Your objective:
Scan the records below. List lines holding "using".

══ Listed entries

lemma u_sq_add_y0_sq:
  assumes "0 < D t"
  shows "(u t)\<^sup>2 + y0\<^sup>2 = y0 * y t * (x0\<^sup>2 - y0\<^sup>2) / D t"
proof -
  have "(u t)\<^sup>2 + y0\<^sup>2 = ((x0 * y0 * z t)\<^sup>2 + y0\<^sup>2 * (D t)\<^sup>2) / (D t)\<^sup>2"
    using assms by (simp add: u_def field_simps)
  also have "(x0 * y0 * z t)\<^sup>2 + y0\<^sup>2 * (D t)\<^sup>2 = y0 * y t * (x0\<^sup>2 - y0\<^sup>2) * D t"
    using xy_const[of t] unit_sphere[of t] unit_circle unfolding D_def by algebra
  finally show ?thesis using assms by (simp add: power2_eq_square)
qed

lemma sqrt_u_sq_prod_eq_w:
  assumes "0 < D t"
  shows "sqrt (((u t)\<^sup>2 + x0\<^sup>2) * ((u t)\<^sup>2 + y0\<^sup>2)) = w t"
proof -
  have "((u t)\<^sup>2 + x0\<^sup>2) * ((u t)\<^sup>2 + y0\<^sup>2) = (x0 * y0) * (x t * y t) * (x0\<^sup>2 - y0\<^sup>2)\<^sup>2 / (D t)\<^sup>2"
    unfolding u_sq_add_x0_sq[OF assms] u_sq_add_y0_sq[OF assms] by (simp add: power2_eq_square)
  also have "\<dots> = (w t)\<^sup>2" unfolding xy_const w_def by (simp add: power2_eq_square)
  finally show ?thesis using w_pos[OF assms] by simp
qed

lemma ell_integrand_u_times_w: "0 < D t \<Longrightarrow> ell_integrand x0 y0 (u t) * w t = 1"
  using sqrt_u_sq_prod_eq_w[of t] w_pos[of t] by (simp add: ell_integrand_def)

════

Answer to the problem:
    using assms by (simp add: u_def field_simps)
    using xy_const[of t] unit_sphere[of t] unit_circle unfolding D_def by algebra
  finally show ?thesis using assms by (simp add: power2_eq_square)
  finally show ?thesis using w_pos[OF assms] by simp
  using sqrt_u_sq_prod_eq_w[of t] w_pos[of t] by (simp add: ell_integrand_def)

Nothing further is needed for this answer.